§ WHAT IS NEEDED: Which lines below fall between the one containing "(simp add: unitz_mult_shifted)" and the one containing "(* Let $M_1=(Q_1,R_1,X,\delta_1)$"? Repeat them exactly, counting both of those lines, and add nothing else.

--- START ---

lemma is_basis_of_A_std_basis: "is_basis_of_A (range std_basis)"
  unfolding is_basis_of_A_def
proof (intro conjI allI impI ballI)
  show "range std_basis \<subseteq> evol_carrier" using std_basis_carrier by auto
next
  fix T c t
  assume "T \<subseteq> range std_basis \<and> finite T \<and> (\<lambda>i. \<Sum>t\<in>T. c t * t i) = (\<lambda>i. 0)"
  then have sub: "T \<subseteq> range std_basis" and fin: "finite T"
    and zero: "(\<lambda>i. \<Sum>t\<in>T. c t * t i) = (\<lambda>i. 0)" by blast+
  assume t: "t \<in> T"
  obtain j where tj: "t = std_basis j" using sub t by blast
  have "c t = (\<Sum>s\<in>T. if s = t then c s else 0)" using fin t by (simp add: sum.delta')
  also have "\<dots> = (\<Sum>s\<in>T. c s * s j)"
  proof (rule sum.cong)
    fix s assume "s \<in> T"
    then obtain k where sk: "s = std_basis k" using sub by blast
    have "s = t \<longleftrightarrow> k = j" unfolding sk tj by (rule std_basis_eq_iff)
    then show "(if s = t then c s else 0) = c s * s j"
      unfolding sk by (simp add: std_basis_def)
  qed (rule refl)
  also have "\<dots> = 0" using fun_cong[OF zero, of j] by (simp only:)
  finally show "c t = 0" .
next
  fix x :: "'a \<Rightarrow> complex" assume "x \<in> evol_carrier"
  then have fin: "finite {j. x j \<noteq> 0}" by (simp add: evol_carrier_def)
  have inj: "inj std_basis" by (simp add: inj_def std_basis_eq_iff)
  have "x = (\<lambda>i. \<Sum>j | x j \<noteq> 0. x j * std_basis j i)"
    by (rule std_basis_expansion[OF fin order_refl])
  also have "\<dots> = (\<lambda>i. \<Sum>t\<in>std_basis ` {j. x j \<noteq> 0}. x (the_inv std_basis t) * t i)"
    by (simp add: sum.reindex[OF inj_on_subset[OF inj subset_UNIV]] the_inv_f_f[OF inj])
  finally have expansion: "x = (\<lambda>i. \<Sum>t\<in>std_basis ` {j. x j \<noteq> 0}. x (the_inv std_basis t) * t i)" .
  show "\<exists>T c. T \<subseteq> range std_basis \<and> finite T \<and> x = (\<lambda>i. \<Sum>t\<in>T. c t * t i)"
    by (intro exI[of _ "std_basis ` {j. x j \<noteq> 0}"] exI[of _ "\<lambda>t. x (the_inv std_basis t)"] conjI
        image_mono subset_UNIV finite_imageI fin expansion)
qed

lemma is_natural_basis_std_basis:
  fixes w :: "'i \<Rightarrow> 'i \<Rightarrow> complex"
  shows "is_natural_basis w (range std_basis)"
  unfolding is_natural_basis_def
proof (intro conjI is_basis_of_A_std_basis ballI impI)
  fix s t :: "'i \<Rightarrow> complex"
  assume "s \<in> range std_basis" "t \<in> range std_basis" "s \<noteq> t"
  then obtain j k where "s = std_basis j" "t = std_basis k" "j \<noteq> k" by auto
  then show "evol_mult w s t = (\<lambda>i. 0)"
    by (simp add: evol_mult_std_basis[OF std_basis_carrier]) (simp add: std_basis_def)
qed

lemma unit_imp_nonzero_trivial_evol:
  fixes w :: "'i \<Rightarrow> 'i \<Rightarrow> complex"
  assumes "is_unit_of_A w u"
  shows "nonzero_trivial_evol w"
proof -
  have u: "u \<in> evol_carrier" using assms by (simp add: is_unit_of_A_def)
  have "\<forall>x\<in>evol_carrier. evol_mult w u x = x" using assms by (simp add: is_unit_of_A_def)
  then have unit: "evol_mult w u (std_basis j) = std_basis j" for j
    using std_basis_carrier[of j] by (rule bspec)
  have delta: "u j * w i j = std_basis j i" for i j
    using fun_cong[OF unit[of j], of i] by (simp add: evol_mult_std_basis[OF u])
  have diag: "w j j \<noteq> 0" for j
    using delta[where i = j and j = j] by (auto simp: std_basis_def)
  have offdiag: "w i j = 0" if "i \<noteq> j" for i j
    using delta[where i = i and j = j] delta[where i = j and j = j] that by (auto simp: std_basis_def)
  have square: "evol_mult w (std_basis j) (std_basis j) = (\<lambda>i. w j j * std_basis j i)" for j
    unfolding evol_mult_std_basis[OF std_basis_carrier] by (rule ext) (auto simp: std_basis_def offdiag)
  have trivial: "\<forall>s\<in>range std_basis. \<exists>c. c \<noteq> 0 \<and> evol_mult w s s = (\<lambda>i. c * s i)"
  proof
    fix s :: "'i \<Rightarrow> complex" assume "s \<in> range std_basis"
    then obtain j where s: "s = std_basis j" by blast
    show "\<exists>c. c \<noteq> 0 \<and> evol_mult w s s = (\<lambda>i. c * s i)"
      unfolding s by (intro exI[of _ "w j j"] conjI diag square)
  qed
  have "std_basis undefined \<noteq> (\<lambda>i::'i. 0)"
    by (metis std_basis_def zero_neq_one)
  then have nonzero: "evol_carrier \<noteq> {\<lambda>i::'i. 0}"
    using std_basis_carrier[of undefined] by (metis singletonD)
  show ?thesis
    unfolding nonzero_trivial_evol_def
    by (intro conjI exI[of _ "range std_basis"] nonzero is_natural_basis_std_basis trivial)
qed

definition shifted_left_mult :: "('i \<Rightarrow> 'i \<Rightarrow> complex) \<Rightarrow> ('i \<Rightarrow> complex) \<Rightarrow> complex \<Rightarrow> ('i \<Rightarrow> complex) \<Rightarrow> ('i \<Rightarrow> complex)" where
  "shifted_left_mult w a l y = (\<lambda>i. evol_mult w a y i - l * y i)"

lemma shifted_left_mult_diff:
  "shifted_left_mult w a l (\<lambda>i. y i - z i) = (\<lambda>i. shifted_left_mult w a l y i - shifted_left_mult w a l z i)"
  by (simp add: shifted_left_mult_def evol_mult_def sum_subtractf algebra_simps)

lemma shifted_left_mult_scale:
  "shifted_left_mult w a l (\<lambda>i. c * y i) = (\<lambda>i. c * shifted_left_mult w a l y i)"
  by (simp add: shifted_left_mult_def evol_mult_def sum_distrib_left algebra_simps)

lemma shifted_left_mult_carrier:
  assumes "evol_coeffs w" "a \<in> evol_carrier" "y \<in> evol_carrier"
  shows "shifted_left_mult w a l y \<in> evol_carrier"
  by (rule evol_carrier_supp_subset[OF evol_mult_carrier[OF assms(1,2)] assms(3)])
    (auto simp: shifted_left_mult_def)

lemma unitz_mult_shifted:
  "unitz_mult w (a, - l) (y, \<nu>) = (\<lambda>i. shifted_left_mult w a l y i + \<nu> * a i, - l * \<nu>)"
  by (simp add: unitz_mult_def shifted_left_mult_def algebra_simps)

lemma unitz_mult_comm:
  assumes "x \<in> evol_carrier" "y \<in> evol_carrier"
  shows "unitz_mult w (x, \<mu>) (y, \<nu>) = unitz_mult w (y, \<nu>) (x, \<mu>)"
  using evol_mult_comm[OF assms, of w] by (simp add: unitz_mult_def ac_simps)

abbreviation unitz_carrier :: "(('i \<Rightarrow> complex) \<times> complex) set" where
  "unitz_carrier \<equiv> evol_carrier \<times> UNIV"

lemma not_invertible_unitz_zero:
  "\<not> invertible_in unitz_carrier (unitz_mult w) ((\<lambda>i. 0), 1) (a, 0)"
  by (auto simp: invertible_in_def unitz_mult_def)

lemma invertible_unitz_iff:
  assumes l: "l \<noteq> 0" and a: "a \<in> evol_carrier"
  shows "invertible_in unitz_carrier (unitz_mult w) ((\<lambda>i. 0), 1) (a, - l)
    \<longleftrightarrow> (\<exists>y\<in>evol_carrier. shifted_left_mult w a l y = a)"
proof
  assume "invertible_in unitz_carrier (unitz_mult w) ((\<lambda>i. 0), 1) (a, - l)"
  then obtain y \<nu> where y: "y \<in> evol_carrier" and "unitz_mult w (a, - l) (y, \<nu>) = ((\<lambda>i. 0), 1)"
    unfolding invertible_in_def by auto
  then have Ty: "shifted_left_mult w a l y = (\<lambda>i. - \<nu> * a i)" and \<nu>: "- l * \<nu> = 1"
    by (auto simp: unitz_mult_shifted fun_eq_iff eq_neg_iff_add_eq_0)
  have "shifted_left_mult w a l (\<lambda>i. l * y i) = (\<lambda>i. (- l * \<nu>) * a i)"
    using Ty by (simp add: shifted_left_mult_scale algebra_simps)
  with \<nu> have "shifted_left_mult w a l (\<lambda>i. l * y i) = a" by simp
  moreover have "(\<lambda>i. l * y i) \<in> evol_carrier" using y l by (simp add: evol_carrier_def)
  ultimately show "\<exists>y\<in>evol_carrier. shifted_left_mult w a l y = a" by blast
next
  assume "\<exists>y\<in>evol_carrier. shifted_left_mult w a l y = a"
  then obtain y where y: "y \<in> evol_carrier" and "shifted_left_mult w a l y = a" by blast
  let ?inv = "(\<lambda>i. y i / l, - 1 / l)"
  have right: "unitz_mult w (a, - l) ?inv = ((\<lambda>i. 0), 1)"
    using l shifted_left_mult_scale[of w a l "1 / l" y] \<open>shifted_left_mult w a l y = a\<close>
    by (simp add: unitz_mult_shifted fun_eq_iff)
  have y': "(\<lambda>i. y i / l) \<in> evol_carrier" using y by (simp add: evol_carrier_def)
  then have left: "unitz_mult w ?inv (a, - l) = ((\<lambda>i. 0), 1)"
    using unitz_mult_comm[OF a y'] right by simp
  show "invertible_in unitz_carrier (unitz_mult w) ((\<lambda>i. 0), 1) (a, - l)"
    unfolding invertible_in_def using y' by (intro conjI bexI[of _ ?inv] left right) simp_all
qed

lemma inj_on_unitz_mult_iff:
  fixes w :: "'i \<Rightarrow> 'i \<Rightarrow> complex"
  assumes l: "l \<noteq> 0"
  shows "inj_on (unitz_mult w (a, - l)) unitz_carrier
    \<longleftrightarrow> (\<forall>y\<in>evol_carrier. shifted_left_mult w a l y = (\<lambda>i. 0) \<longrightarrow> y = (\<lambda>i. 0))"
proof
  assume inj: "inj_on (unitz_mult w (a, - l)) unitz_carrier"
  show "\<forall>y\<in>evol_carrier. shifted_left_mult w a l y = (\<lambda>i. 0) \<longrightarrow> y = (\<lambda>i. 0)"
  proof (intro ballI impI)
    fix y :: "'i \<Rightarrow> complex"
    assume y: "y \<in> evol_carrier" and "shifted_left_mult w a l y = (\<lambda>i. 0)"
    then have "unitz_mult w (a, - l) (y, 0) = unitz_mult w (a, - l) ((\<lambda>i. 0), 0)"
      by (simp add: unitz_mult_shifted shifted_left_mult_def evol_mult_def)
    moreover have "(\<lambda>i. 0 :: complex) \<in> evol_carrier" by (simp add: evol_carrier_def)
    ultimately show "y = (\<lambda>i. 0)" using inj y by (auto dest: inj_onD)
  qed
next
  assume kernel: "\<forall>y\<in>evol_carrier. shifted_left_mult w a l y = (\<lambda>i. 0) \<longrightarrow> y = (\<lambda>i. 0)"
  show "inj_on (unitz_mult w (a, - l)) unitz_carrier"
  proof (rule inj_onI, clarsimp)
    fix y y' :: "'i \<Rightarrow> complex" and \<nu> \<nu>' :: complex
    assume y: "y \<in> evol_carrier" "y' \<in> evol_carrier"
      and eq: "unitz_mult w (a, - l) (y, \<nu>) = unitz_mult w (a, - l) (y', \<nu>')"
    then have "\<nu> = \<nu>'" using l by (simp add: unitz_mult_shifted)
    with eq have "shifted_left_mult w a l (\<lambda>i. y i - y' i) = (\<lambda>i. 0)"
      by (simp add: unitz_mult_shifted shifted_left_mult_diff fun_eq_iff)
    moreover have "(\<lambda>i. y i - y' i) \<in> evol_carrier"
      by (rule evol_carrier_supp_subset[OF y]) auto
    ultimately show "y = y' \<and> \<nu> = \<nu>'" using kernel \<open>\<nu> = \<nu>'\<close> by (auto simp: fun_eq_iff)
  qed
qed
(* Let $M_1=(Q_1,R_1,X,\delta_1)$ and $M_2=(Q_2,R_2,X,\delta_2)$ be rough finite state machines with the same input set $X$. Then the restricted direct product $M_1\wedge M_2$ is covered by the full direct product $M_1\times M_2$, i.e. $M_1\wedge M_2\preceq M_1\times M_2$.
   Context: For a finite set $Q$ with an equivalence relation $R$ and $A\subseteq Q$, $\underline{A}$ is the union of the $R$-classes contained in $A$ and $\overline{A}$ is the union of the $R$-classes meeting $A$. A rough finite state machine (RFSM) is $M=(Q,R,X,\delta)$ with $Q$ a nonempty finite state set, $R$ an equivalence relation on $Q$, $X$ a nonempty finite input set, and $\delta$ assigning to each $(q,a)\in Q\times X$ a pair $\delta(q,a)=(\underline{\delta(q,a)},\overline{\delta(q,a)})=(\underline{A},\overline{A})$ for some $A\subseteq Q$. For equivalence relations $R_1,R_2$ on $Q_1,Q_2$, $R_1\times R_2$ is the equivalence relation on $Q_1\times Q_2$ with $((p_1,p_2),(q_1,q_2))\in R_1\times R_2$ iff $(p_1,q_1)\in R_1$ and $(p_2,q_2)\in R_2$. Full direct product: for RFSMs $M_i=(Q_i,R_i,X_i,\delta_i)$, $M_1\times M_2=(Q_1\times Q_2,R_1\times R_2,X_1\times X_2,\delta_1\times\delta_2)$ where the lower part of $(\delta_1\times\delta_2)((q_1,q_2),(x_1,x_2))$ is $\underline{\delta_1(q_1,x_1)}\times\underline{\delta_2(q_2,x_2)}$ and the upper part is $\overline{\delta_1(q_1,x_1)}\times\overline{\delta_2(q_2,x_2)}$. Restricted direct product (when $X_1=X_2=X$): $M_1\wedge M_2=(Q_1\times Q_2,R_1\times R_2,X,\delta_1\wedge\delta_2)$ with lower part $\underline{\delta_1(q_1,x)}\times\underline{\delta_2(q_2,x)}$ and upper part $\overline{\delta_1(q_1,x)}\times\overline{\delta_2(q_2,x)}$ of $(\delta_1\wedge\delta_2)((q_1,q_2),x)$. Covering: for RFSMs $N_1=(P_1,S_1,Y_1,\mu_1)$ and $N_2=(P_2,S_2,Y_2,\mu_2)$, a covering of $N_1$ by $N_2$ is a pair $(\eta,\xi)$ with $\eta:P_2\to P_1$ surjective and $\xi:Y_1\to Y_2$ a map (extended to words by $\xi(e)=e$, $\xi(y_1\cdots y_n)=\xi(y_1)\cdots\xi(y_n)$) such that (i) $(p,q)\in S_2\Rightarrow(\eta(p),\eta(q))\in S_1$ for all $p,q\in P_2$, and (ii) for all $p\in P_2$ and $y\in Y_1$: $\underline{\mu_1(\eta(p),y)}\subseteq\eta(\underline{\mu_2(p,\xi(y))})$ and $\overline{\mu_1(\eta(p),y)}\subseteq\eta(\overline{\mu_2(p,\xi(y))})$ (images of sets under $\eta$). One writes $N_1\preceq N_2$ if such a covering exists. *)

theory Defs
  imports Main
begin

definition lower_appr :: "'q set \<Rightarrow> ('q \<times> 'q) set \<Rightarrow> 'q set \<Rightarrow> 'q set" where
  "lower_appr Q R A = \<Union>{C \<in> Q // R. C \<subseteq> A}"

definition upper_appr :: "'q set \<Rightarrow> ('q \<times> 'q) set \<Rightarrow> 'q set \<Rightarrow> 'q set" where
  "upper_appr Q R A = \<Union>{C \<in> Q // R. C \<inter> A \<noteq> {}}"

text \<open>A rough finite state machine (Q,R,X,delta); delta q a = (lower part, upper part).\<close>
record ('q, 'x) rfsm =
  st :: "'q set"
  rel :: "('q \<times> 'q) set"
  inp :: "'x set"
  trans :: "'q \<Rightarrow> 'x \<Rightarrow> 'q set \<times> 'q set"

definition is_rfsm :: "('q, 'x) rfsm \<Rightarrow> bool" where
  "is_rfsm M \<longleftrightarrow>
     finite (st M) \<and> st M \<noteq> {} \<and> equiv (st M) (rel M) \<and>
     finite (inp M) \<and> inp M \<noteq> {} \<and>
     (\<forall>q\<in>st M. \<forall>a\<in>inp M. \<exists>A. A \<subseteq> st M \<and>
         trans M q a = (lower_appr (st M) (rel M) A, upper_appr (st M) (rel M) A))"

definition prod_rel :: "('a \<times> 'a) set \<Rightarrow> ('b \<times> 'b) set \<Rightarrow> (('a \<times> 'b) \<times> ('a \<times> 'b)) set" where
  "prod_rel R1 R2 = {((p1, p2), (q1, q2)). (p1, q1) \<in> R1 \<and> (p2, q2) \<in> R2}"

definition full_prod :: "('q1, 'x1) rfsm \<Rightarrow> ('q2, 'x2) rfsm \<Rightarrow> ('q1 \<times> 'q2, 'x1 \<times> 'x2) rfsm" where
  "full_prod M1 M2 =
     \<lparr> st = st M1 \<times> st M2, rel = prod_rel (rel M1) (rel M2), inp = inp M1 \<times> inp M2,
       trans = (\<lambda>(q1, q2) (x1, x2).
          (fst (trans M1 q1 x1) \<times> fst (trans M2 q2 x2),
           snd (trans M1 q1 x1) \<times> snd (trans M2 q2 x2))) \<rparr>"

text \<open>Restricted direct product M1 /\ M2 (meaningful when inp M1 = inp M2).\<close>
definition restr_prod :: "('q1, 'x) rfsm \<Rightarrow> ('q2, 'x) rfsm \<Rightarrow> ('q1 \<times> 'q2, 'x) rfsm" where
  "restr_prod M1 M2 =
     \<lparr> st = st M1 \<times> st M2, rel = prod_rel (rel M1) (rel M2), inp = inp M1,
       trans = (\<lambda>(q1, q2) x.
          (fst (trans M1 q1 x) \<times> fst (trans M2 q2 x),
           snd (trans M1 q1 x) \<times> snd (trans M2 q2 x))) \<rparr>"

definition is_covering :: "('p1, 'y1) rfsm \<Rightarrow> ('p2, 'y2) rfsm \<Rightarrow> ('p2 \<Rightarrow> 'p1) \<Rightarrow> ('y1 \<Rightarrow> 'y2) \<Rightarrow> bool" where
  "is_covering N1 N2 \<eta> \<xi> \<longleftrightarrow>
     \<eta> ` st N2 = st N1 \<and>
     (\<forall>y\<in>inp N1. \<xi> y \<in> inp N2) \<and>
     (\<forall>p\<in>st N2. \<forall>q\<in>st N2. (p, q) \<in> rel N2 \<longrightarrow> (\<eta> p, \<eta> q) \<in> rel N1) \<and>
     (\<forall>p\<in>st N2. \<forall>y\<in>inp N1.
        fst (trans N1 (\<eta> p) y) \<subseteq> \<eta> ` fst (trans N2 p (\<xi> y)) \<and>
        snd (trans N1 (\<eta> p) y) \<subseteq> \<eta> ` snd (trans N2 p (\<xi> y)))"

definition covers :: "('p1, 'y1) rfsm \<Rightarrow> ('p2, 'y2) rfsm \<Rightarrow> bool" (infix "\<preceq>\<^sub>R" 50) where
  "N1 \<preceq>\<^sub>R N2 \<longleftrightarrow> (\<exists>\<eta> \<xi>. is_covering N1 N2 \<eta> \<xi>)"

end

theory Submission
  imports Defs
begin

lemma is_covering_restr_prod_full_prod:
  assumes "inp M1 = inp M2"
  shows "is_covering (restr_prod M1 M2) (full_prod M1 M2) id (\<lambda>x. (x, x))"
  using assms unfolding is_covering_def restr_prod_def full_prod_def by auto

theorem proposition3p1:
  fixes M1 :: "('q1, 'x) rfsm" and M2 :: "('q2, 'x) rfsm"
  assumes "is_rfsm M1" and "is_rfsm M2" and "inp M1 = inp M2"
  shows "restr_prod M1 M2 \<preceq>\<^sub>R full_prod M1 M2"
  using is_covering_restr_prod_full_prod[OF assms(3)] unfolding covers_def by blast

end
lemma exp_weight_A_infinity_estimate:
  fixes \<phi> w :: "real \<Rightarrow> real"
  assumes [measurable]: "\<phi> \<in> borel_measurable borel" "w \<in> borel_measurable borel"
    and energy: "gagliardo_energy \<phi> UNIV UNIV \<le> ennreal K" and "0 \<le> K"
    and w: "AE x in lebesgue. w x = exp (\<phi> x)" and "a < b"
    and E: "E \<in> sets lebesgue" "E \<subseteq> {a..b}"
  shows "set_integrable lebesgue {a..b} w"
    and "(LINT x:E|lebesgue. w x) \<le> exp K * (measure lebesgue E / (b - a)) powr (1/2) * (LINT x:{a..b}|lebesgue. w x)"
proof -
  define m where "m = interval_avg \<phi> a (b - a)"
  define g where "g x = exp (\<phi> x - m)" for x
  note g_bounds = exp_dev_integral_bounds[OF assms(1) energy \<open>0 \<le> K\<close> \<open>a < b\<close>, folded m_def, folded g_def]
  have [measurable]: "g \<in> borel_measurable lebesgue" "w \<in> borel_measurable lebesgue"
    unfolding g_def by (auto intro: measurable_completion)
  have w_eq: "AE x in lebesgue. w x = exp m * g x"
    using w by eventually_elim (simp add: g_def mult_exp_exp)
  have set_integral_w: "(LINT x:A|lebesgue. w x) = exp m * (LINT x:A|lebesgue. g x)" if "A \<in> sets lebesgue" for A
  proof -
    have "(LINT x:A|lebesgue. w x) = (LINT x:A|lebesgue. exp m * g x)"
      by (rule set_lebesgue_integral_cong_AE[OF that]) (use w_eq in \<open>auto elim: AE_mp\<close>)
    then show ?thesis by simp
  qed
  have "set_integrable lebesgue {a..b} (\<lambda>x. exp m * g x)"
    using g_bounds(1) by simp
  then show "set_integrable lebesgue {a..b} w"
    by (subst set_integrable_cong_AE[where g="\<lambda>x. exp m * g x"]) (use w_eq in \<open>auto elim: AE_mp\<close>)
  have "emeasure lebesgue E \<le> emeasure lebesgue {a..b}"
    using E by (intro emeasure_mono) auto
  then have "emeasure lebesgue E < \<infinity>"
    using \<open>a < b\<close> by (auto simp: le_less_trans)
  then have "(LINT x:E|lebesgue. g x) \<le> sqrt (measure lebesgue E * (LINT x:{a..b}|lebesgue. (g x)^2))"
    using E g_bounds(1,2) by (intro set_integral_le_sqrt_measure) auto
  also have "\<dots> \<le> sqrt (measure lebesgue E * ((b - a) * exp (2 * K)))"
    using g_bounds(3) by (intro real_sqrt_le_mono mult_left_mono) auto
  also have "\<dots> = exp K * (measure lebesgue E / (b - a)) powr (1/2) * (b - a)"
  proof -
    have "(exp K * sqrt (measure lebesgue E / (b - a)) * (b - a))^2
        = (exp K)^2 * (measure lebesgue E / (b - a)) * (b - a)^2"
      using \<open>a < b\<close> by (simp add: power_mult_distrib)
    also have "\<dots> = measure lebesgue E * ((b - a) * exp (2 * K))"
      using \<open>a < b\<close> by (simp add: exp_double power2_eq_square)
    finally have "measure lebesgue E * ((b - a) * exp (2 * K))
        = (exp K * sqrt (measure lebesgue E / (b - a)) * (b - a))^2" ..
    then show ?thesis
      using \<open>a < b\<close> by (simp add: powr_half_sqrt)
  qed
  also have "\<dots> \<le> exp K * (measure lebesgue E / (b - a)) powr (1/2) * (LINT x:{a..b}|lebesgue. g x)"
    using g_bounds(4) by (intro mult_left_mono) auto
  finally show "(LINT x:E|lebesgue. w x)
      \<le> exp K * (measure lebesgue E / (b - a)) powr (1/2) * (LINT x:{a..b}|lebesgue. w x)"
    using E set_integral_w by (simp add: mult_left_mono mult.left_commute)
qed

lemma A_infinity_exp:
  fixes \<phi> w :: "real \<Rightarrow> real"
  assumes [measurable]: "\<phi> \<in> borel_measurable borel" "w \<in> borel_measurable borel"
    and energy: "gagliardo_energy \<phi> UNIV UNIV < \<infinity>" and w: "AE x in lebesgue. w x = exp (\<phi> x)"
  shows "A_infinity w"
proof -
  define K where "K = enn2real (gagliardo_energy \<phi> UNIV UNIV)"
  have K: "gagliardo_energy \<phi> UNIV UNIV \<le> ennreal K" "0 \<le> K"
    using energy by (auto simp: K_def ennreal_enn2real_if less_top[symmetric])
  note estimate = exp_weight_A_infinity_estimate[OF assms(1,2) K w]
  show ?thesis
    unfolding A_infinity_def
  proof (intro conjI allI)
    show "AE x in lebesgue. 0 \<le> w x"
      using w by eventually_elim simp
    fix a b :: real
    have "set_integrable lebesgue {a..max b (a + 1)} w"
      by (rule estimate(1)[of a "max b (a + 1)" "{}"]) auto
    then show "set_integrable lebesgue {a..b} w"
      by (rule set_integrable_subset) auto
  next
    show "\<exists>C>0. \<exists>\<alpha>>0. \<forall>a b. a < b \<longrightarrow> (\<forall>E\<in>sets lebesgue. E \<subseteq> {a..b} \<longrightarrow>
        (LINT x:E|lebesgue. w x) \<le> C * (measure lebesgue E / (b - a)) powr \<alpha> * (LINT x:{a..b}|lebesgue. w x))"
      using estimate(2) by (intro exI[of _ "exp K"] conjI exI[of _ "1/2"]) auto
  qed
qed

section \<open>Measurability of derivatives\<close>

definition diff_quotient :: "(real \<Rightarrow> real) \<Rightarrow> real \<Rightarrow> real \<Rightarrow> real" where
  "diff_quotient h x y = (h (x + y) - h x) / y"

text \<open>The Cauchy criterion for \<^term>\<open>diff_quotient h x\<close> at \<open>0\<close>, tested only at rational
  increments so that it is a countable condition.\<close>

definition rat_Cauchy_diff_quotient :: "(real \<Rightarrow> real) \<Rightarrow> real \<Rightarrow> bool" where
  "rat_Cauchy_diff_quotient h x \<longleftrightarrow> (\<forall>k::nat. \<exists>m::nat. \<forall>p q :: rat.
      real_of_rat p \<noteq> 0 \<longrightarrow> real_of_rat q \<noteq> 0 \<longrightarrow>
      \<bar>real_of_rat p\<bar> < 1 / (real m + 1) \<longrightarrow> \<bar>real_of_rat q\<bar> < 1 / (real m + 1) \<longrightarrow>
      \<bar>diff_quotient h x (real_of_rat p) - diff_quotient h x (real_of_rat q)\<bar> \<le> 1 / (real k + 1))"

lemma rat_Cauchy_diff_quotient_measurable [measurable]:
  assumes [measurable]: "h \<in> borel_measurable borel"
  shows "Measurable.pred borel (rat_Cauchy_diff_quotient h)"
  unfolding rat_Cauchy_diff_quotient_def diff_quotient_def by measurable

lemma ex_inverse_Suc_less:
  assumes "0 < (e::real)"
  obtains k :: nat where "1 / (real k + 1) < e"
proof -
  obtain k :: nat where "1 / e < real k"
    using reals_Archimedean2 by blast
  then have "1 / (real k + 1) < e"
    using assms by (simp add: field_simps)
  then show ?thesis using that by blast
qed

--- END ---

§ REPLY:
    then have "\<nu> = \<nu>'" using l by (simp add: unitz_mult_shifted)
    with eq have "shifted_left_mult w a l (\<lambda>i. y i - y' i) = (\<lambda>i. 0)"
      by (simp add: unitz_mult_shifted shifted_left_mult_diff fun_eq_iff)
    moreover have "(\<lambda>i. y i - y' i) \<in> evol_carrier"
      by (rule evol_carrier_supp_subset[OF y]) auto
    ultimately show "y = y' \<and> \<nu> = \<nu>'" using kernel \<open>\<nu> = \<nu>'\<close> by (auto simp: fun_eq_iff)
  qed
qed
(* Let $M_1=(Q_1,R_1,X,\delta_1)$ and $M_2=(Q_2,R_2,X,\delta_2)$ be rough finite state machines with the same input set $X$. Then the restricted direct product $M_1\wedge M_2$ is covered by the full direct product $M_1\times M_2$, i.e. $M_1\wedge M_2\preceq M_1\times M_2$.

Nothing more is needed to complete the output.